lemma asimp_pos:
  fixes \<tau> :: "'a::euclidean_space set"
  assumes "is_simplex \<tau>" "2 \<le> card \<tau>"
  shows "asimp \<tau> > 0"
proof -
  have fin: "finite \<tau>" and ind: "\<not> affine_dependent \<tau>"
    using assms(1) by (auto simp: is_simplex_def)
  obtain u w where uw: "u \<in> \<tau>" "w \<in> \<tau>" "u \<noteq> w"
    using card_ge_2_obtains_distinct[OF fin assms(2)] .
  have "infdist v (affine hull (\<tau> - {v})) > 0" if v: "v \<in> \<tau>" for v
  proof (rule infdist_pos_not_in_closed)
    show "affine hull (\<tau> - {v}) \<noteq> {}" using uw hull_subset[of "\<tau> - {v}"] by blast
    show "v \<notin> affine hull (\<tau> - {v})" using ind v by (auto simp: affine_dependent_def)
  qed auto
  then show ?thesis
    unfolding asimp_def using fin uw by (subst Min_gr_iff) auto
qed

lemma asimp_le_Lsimp:
  fixes \<tau> :: "'a::euclidean_space set"
  assumes fin: "finite \<tau>" and u: "u \<in> \<tau>" and w: "w \<in> \<tau>" "u \<noteq> w"
  shows "asimp \<tau> \<le> Lsimp \<tau>"
proof -
  have "asimp \<tau> \<le> infdist u (affine hull (\<tau> - {u}))" by (rule asimp_le_infdist[OF fin u])
  also have "\<dots> \<le> dist u w" by (rule infdist_le, rule hull_inc) (use w in simp)
  also have "\<dots> \<le> Lsimp \<tau>" by (rule dist_le_Lsimp[OF fin u w(1)])
  finally show ?thesis .
qed

lemma tsimp_le_one:
  fixes \<tau> :: "'a::euclidean_space set"
  assumes fin: "finite \<tau>"
  shows "tsimp \<tau> \<le> 1"
proof (cases "sdim \<tau> = 0")
  case False
  then have j: "1 \<le> real (sdim \<tau>)" and "2 \<le> card \<tau>" by (auto simp: sdim_def)
  then obtain u w where uw: "u \<in> \<tau>" "w \<in> \<tau>" "u \<noteq> w"
    using card_ge_2_obtains_distinct[OF fin] by blast
  have L: "0 < Lsimp \<tau>" using Lsimp_pos[OF fin uw] .
  have "Lsimp \<tau> \<le> real (sdim \<tau>) * Lsimp \<tau>" using j L by simp
  then have "asimp \<tau> \<le> real (sdim \<tau>) * Lsimp \<tau>"
    using asimp_le_Lsimp[OF fin uw] by linarith
  then show ?thesis using False L by (simp add: tsimp_def pos_divide_le_eq)
qed (simp add: tsimp_def)

lemma asimp_ge_of_tsimp_ge:
  assumes "0 < sdim \<tau>" "0 < Lsimp \<tau>" "t \<le> tsimp \<tau>"
  shows "t * real (sdim \<tau>) * Lsimp \<tau> \<le> asimp \<tau>"
  using assms by (simp add: tsimp_def field_simps)

lemma full_dim_simplex:
  fixes \<tau> :: "'a::euclidean_space set"
  assumes s: "is_simplex \<tau>" and d: "sdim \<tau> = DIM('a)"
  shows "finite \<tau>" "card \<tau> = DIM('a) + 1" "affine hull \<tau> = UNIV"
    "0 < asimp \<tau>" "0 < Lsimp \<tau>"
proof -
  show fin: "finite \<tau>" using s by (simp add: is_simplex_def)
  have "card \<tau> > 0" using s fin by (simp add: is_simplex_def card_gt_0_iff)
  then show c: "card \<tau> = DIM('a) + 1" using d by (simp add: sdim_def)
  show "affine hull \<tau> = UNIV"
    using s c by (intro affine_independent_span_eq) (auto simp: is_simplex_def)
  have c2: "2 \<le> card \<tau>" using c DIM_positive[where 'a='a] by linarith
  show "0 < asimp \<tau>" using s c2 by (rule asimp_pos)
  obtain u w where "u \<in> \<tau>" "w \<in> \<tau>" "u \<noteq> w"
    using card_ge_2_obtains_distinct[OF fin c2] .
  then show "0 < Lsimp \<tau>" by (rule Lsimp_pos[OF fin])
qed

section \<open>Barycentric coordinates\<close>

lemma abs_coeff_mult_infdist_le_norm:
  fixes S :: "'a::euclidean_space set"
  assumes fin: "finite S" and v: "v \<in> S" and sum0: "sum \<mu> S = 0"
  shows "\<bar>\<mu> v\<bar> * infdist v (affine hull (S - {v})) \<le> norm (\<Sum>w\<in>S. \<mu> w *\<^sub>R w)"
proof (cases "\<mu> v = 0")
  case True then show ?thesis by simp
next
  case False
  define p where "p = (\<Sum>w\<in>S - {v}. (- \<mu> w / \<mu> v) *\<^sub>R w)"
  have "sum \<mu> (S - {v}) = - \<mu> v"
    using sum0 sum.remove[OF fin v, of \<mu>] by simp
  then have "sum (\<lambda>w. - \<mu> w / \<mu> v) (S - {v}) = 1"
    using False by (simp add: sum_divide_distrib[symmetric] sum_negf)
  then have "p \<in> affine hull (S - {v})"
    unfolding p_def using fin by (auto simp: affine_hull_finite)
  then have "infdist v (affine hull (S - {v})) \<le> dist v p"
    by (rule infdist_le)
  moreover have "(\<Sum>w\<in>S. \<mu> w *\<^sub>R w) = \<mu> v *\<^sub>R (v - p)"
  proof -
    have "(\<Sum>w\<in>S. \<mu> w *\<^sub>R w) = \<mu> v *\<^sub>R v + (\<Sum>w\<in>S - {v}. \<mu> w *\<^sub>R w)"
      using sum.remove[OF fin v] by simp
    moreover have "\<mu> v *\<^sub>R p = - (\<Sum>w\<in>S - {v}. \<mu> w *\<^sub>R w)"
      unfolding p_def scaleR_sum_right using False by (simp add: sum_negf[symmetric])
    ultimately show ?thesis by (simp add: algebra_simps)
  qed
  ultimately show ?thesis
    by (simp add: dist_norm mult_left_mono)
qed
lemma vanishes_on_small:
  assumes B: "B \<in> sets L01" "B \<subseteq> V" "vol B \<le> min a b / 4"
    and C: "C \<in> sets L01" "C \<subseteq> V" "B \<inter> C = {}"
  shows "Q B C = 0"
proof -
  define W where "W = V - B"
  have W: "W \<in> sets L01" "vol W = a + b - vol B"
    using L01.finite_measure_Diff[OF V(1) B(1,2)] V B by (auto simp: W_def)
  interpret QB: vol_additive W "Q B" by (rule vol_additive_right[OF B(1) W(1)])
  show ?thesis
  proof (rule QB.vanishes_if_vanishes_at_level)
    show "0 < b" "b < vol W" using ab W B by auto
    show "C \<in> sets L01" "C \<subseteq> W" using C by (auto simp: W_def)
  next
    fix T assume T: "T \<in> sets L01" "T \<subseteq> W" "vol T = b"
    have X: "V - T \<in> sets L01" "V - T \<subseteq> V" "vol (V - T) = a"
      using L01.finite_measure_Diff[of V T] V T by (auto simp: W_def)
    have "V - (V - T) = T" using T by (auto simp: W_def)
    moreover have "B \<subseteq> V - T" using T B by (auto simp: W_def)
    ultimately show "Q B T = 0" using vanishes_on_complement[OF X B(1)] by simp
  qed
qed

end

lemma permutes_comp_in_funcset: "\<sigma> permutes I \<Longrightarrow> A \<in> I \<rightarrow> S \<Longrightarrow> A \<circ> \<sigma> \<in> I \<rightarrow> S"
  using permutes_in_image by fastforce

lemma disjoint_family_on_comp_permutes:
  assumes "\<sigma> permutes I" "disjoint_family_on A I"
  shows "disjoint_family_on (A \<circ> \<sigma>) I"
proof (unfold disjoint_family_on_def, intro ballI impI)
  fix i j assume "i \<in> I" "j \<in> I" "i \<noteq> j"
  then have "\<sigma> i \<in> I" "\<sigma> j \<in> I" "\<sigma> i \<noteq> \<sigma> j"
    using permutes_in_image[OF assms(1)] permutes_inj[OF assms(1)] by (auto simp: inj_eq)
  then show "(A \<circ> \<sigma>) i \<inter> (A \<circ> \<sigma>) j = {}"
    using assms(2) by (simp add: disjoint_family_on_def)
qed

locale symmetric_box_function = box_function +
  assumes symmetric: "\<And>\<sigma> E. \<sigma> permutes {..<m} \<Longrightarrow> E \<in> {..<m} \<rightarrow> sets L01 \<Longrightarrow> \<Phi> (E \<circ> \<sigma>) = \<Phi> E"

lemma symmetric_box_function_fix_last:
  assumes "symmetric_box_function (Suc m) \<Phi>" and Y: "Y \<in> sets L01"
  shows "symmetric_box_function m (\<lambda>A. \<Phi> (A(m := Y)))"
proof -
  interpret symmetric_box_function "Suc m" \<Phi> by (fact assms(1))
  have upd: "E(m := Y) \<in> {..<Suc m} \<rightarrow> sets L01" if "E \<in> {..<m} \<rightarrow> sets L01" for E
    using that Y by (auto simp: Pi_iff less_Suc_eq)
  show ?thesis
  proof
    fix E k X Z assume k: "k < m" and E: "E \<in> {..<m} \<rightarrow> sets L01"
      and XZ: "X \<in> sets L01" "Z \<in> sets L01" "X \<inter> Z = {}"
    have "(E(k := S))(m := Y) = (E(m := Y))(k := S)" for S using k by (simp add: fun_upd_twist)
    then show "\<Phi> ((E(k := X \<union> Z))(m := Y)) = \<Phi> ((E(k := X))(m := Y)) + \<Phi> ((E(k := Z))(m := Y))"
      using additive[OF _ upd[OF E] XZ] k by simp
  next
    fix e :: real assume "e > 0"
    then obtain d where d: "d > 0"
      "\<forall>E k. k < Suc m \<longrightarrow> E \<in> {..<Suc m} \<rightarrow> sets L01 \<longrightarrow> vol (E k) < d \<longrightarrow> norm (\<Phi> E) < e"
      using thin_small by blast
    have "norm (\<Phi> (E(m := Y))) < e" if "k < m" "E \<in> {..<m} \<rightarrow> sets L01" "vol (E k) < d" for E k
      using d(2)[rule_format, of k "E(m := Y)"] upd that by simp
    with d(1) show "\<exists>d>0. \<forall>E k. k < m \<longrightarrow> E \<in> {..<m} \<rightarrow> sets L01 \<longrightarrow> vol (E k) < d
        \<longrightarrow> norm (\<Phi> (E(m := Y))) < e"
      by blast
  next
    fix \<sigma> E assume \<sigma>: "\<sigma> permutes {..<m}" and E: "E \<in> {..<m} \<rightarrow> sets L01"
    have \<sigma>': "\<sigma> permutes {..<Suc m}" using permutes_subset[OF \<sigma>] by auto
    have "\<sigma> m = m" using permutes_not_in[OF \<sigma>] by simp
    then have "\<sigma> x = m \<longleftrightarrow> x = m" for x using permutes_inj[OF \<sigma>] by (metis injD)
    then have "(E \<circ> \<sigma>)(m := Y) = E(m := Y) \<circ> \<sigma>" by (auto simp: fun_eq_iff)
    then show "\<Phi> ((E \<circ> \<sigma>)(m := Y)) = \<Phi> (E(m := Y))"
      using symmetric[OF \<sigma>' upd[OF E]] by simp
  qed
qed

text \<open>The set \<open>V\<close> makes the induction on \<open>m\<close> work: once the last side is fixed to \<open>Y\<close>, the
  remaining sides range over subsets of \<open>V - Y\<close>.\<close>
definition forces_small_boxes :: "nat \<Rightarrow> (nat \<Rightarrow> real) \<Rightarrow> real \<Rightarrow> bool" where
  "forces_small_boxes m \<beta> \<delta> \<longleftrightarrow>
     (\<forall>V (\<Phi> :: (nat \<Rightarrow> real set) \<Rightarrow> complex). V \<in> sets L01 \<longrightarrow> vol V = (\<Sum>i<m. \<beta> i) \<longrightarrow>
        symmetric_box_function m \<Phi> \<longrightarrow>
        (\<forall>A. A \<in> {..<m} \<rightarrow> sets L01 \<longrightarrow> disjoint_family_on A {..<m} \<longrightarrow>
           (\<forall>i<m. A i \<subseteq> V \<and> vol (A i) = \<beta> i) \<longrightarrow> \<Phi> A = 0) \<longrightarrow>
        (\<forall>B. B \<in> {..<m} \<rightarrow> sets L01 \<longrightarrow> disjoint_family_on B {..<m} \<longrightarrow>
           (\<forall>i<m. B i \<subseteq> V \<and> vol (B i) \<le> \<delta>) \<longrightarrow> \<Phi> B = 0))"

lemma forces_small_boxesI:
  assumes "\<And>V (\<Phi> :: (nat \<Rightarrow> real set) \<Rightarrow> complex) B. V \<in> sets L01 \<Longrightarrow> vol V = (\<Sum>i<m. \<beta> i)
    \<Longrightarrow> symmetric_box_function m \<Phi>
    \<Longrightarrow> (\<And>A. A \<in> {..<m} \<rightarrow> sets L01 \<Longrightarrow> disjoint_family_on A {..<m}
          \<Longrightarrow> \<forall>i<m. A i \<subseteq> V \<and> vol (A i) = \<beta> i \<Longrightarrow> \<Phi> A = 0)
    \<Longrightarrow> B \<in> {..<m} \<rightarrow> sets L01 \<Longrightarrow> disjoint_family_on B {..<m}
    \<Longrightarrow> \<forall>i<m. B i \<subseteq> V \<and> vol (B i) \<le> \<delta> \<Longrightarrow> \<Phi> B = 0"
  shows "forces_small_boxes m \<beta> \<delta>"
  unfolding forces_small_boxes_def
proof (intro allI impI)
  fix V and \<Phi> :: "(nat \<Rightarrow> real set) \<Rightarrow> complex" and B
  assume V: "V \<in> sets L01" "vol V = (\<Sum>i<m. \<beta> i)"
    and sym: "symmetric_box_function m \<Phi>"
    and vanish: "\<forall>A. A \<in> {..<m} \<rightarrow> sets L01 \<longrightarrow> disjoint_family_on A {..<m} \<longrightarrow>
       (\<forall>i<m. A i \<subseteq> V \<and> vol (A i) = \<beta> i) \<longrightarrow> \<Phi> A = 0"
    and B: "B \<in> {..<m} \<rightarrow> sets L01" "disjoint_family_on B {..<m}" "\<forall>i<m. B i \<subseteq> V \<and> vol (B i) \<le> \<delta>"
  show "\<Phi> B = 0" by (rule assms[OF V sym _ B]) (use vanish in blast)
qed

### EXERCISE DETAILS
If a line in the records above includes the string "define", copy it.

### SOLUTION BELOW
  define p where "p = (\<Sum>w\<in>S - {v}. (- \<mu> w / \<mu> v) *\<^sub>R w)"
  define W where "W = V - B"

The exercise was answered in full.